I want to learn how to use bert when ‘is_decoder’ is True and ‘add_cross_attention’ is True.
But it can’t success.
Here is my code:
tokenizer: BertTokenizer = BertTokenizer.from_pretrained('google-bert/bert-base-uncased')
bertconfig = BertConfig.from_pretrained('google-bert/bert-base-uncased', is_decoder=True, add_cross_attention=True)
bert = BertLMHeadModel(bertconfig).to('cuda:0')
inputs = tokenizer('Hello, my dog is cute.', return_tensors='pt').to('cuda:0')
cross_tensor = bert.bert.embeddings.forward(inputs['input_ids'])
outputs = bert(**inputs, encoder_hidden_states=cross_tensor, encoder_attention_mask=torch.ones_like(cross_tensor).to('cuda:0'))
Here is the error information:
File d:anaconda3envstorch_py38libsite-packagestransformersmodelsbertmodeling_bert.py:352, in BertSelfAttention.forward(self, hidden_states, attention_mask, head_mask, encoder_hidden_states, encoder_attention_mask, past_key_value, output_attentions)

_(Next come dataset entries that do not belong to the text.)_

lemma is_base_chain_ends:
  assumes B: "\<And>n. is_base X (B n)"
  shows "is_base X (chain_ends B n)"
proof -
  have chain: "\<exists>c. decseq c \<and> (\<forall>i\<le>n. c i \<in> B i) \<and> x \<in> c n \<and> c n \<subseteq> W"
    if W: "openin X W" "x \<in> W" for W x
  proof (induction n)
    case 0
    obtain d where "d \<in> B 0" "x \<in> d" "d \<subseteq> W" using is_baseE[OF B[of 0] W] .
    then show ?case by (intro exI[of _ "\<lambda>_. d"]) auto
  next
    case (Suc n)
    then obtain c where c: "decseq c" "\<forall>i\<le>n. c i \<in> B i" "x \<in> c n" "c n \<subseteq> W"
      by blast
    have "openin X (c n)"
      using c(2) is_base_openin[OF B] by blast
    then obtain d where d: "d \<in> B (Suc n)" "x \<in> d" "d \<subseteq> c n"
      using is_baseE[OF B[of "Suc n"] _ c(3)] by blast
    have "decseq (\<lambda>i. if i \<le> n then c i else d)"
      using decseq_glue[of c "\<lambda>_. d" n] c(1) d(3) by simp
    moreover have "\<forall>i\<le>Suc n. (if i \<le> n then c i else d) \<in> B i"
      using c(2) d(1) by (simp add: le_Suc_eq)
    ultimately show ?case
      using c(4) d by (intro exI[of _ "\<lambda>i. if i \<le> n then c i else d"] conjI) simp_all
  qed
  show ?thesis
    unfolding is_base_def
  proof (intro conjI ballI allI impI)
    fix b assume "b \<in> chain_ends B n"
    then show "openin X b" using chain_ends_subset is_base_openin[OF B] by blast
  next
    fix W x assume "openin X W \<and> x \<in> W"
    then obtain c where c: "decseq c" "\<forall>i\<le>n. c i \<in> B i" "x \<in> c n" "c n \<subseteq> W"
      using chain by blast
    then have "c n \<in> chain_ends B n"
      unfolding chain_ends_def by blast
    with c show "\<exists>b\<in>chain_ends B n. x \<in> b \<and> b \<subseteq> W" by blast
  qed
qed

text \<open>Passing from \<open>B\<close> to the ends of chains of \<open>B\<close> makes the countable order property
  survive a shift of indices: a chain starting at level \<open>N\<close> can be prefixed by the
  chain witnessing its first member.\<close>
lemma countable_order_bases_chain_ends_shift:
  assumes B: "countable_order_bases X B"
  shows "countable_order_bases X (\<lambda>n. chain_ends B (n + N))"
  unfolding countable_order_bases_def
proof (intro conjI allI impI)
  fix n show "is_base X (chain_ends B (n + N))"
    using B by (simp add: countable_order_bases_def is_base_chain_ends)
next
  fix x b assume b: "(\<forall>n. x \<in> b n \<and> b n \<in> chain_ends B (n + N)) \<and> decseq b"
  then have "b 0 \<in> chain_ends B N" by (metis add_0)
  then obtain c where c: "decseq c" "\<forall>i\<le>N. c i \<in> B i" "c N = b 0"
    unfolding chain_ends_def by blast
  define e where "e i = (if i \<le> N then c i else b (i - N))" for i
  have b0_e: "b 0 \<subseteq> e i" if "i \<le> N" for i
    using that c decseqD[OF c(1) that] by (simp add: e_def)
  have "x \<in> e i \<and> e i \<in> B i" for i
  proof (cases "i \<le> N")
    case True
    then show ?thesis using b b0_e[OF True] c(2) by (auto simp: e_def)
  next
    case False
    then have "b (i - N) \<in> chain_ends B i" using b by (metis le_add_diff_inverse2 nat_le_linear)
    then show ?thesis using False b chain_ends_subset by (auto simp: e_def)
  qed
  moreover have "decseq e"
    unfolding e_def using decseq_glue[of c b N] c b by simp
  ultimately have e: "shrinks_to X x e" by (rule countable_order_basesD[OF B])
  show "shrinks_to X x b"
    unfolding shrinks_to_def
  proof (intro allI impI)
    fix W assume "openin X W \<and> x \<in> W"
    then obtain i where i: "e i \<subseteq> W" using e unfolding shrinks_to_def by blast
    show "\<exists>n. b n \<subseteq> W"
    proof (cases "i \<le> N")
      case True
      then show ?thesis using b0_e[OF True] i by blast
    next
      case False
      then show ?thesis using i unfolding e_def by auto
    qed
  qed
qed

section \<open>Pulling back bases of countable order\<close>

lemma (in wo_rel) eventually_const_if_eventually_antimono:
  assumes UNIV: "Field r = UNIV" and dec: "eventually (\<lambda>k. (a (Suc k), a k) \<in> r) sequentially"
  shows "\<exists>c. eventually (\<lambda>k. a k = c) sequentially"
proof -
  obtain N where N: "\<And>k. N \<le> k \<Longrightarrow> (a (Suc k), a k) \<in> r"
    using dec unfolding eventually_sequentially by blast
  have "minim (a ` {N..}) \<in> a ` {N..}"
    using UNIV by (intro minim_in) auto
  then obtain K where K: "N \<le> K" "a K = minim (a ` {N..})" by auto
  have "(a k, a K) \<in> r" if "K \<le> k" for k
    using that
  proof (induction rule: dec_induct)
    case base
    then show ?case using REFL UNIV by (simp add: refl_on_def)
  next
    case (step k)
    then show ?case using N[of k] K(1) TRANS by (meson le_trans transD)
  qed
  moreover have "(a K, a k) \<in> r" if "K \<le> k" for k
    using that K UNIV by (auto intro: minim_least)
  ultimately have "\<forall>k\<ge>K. a k = a K"
    using ANTISYM by (auto dest: antisymD)
  then show ?thesis
    unfolding eventually_sequentially by blast
qed

text \<open>Choosing basic neighbourhoods \<open>r\<close>-minimally is what makes the canonical chains
  of different points comparable.\<close>
locale least_chains = wo_rel r for r :: "'a set rel" +
  fixes Z :: "'a topology" and C :: "nat \<Rightarrow> 'a set set"
  assumes Field_r: "Field r = UNIV" and bases: "countable_order_bases Z C"
begin

definition least_nbhd :: "nat \<Rightarrow> 'a \<Rightarrow> 'a set \<Rightarrow> 'a set" where
  "least_nbhd n z U = minim {c \<in> C n. z \<in> c \<and> c \<subseteq> U}"

fun least_chain :: "'a \<Rightarrow> nat \<Rightarrow> 'a set" where
  "least_chain z 0 = least_nbhd 0 z (topspace Z)"
| "least_chain z (Suc n) = least_nbhd (Suc n) z (least_chain z n)"

lemma is_base_C: "is_base Z (C n)"
  using bases by (simp add: countable_order_bases_def)

lemma least_nbhd_in_base:
  assumes "openin Z U" "z \<in> U"
  shows "least_nbhd n z U \<in> C n \<and> z \<in> least_nbhd n z U \<and> least_nbhd n z U \<subseteq> U"
proof -
  have "{c \<in> C n. z \<in> c \<and> c \<subseteq> U} \<noteq> {}"
    using is_baseE[OF is_base_C assms] by blast
  then show ?thesis
    unfolding least_nbhd_def using minim_in[of "{c \<in> C n. z \<in> c \<and> c \<subseteq> U}"] Field_r by simp
qed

349 attention_scores = attention_scores / math.sqrt(self.attention_head_size)
350 if attention_mask is not None:
351 # Apply the attention mask is (precomputed for all layers in BertModel forward() function)
--> 352 attention_scores = attention_scores + attention_mask
354 # Normalize the attention scores to probabilities.
355 attention_probs = nn.functional.softmax(attention_scores, dim=-1)
RuntimeError: The size of tensor a (9) must match the size of tensor b (768) at non-singleton dimension 3
I try to change the shape of ‘encoder_hidden_states’ Tensor, but it dosen’t work.
Who can give me the solution to fix it or a example to use bert in this situation.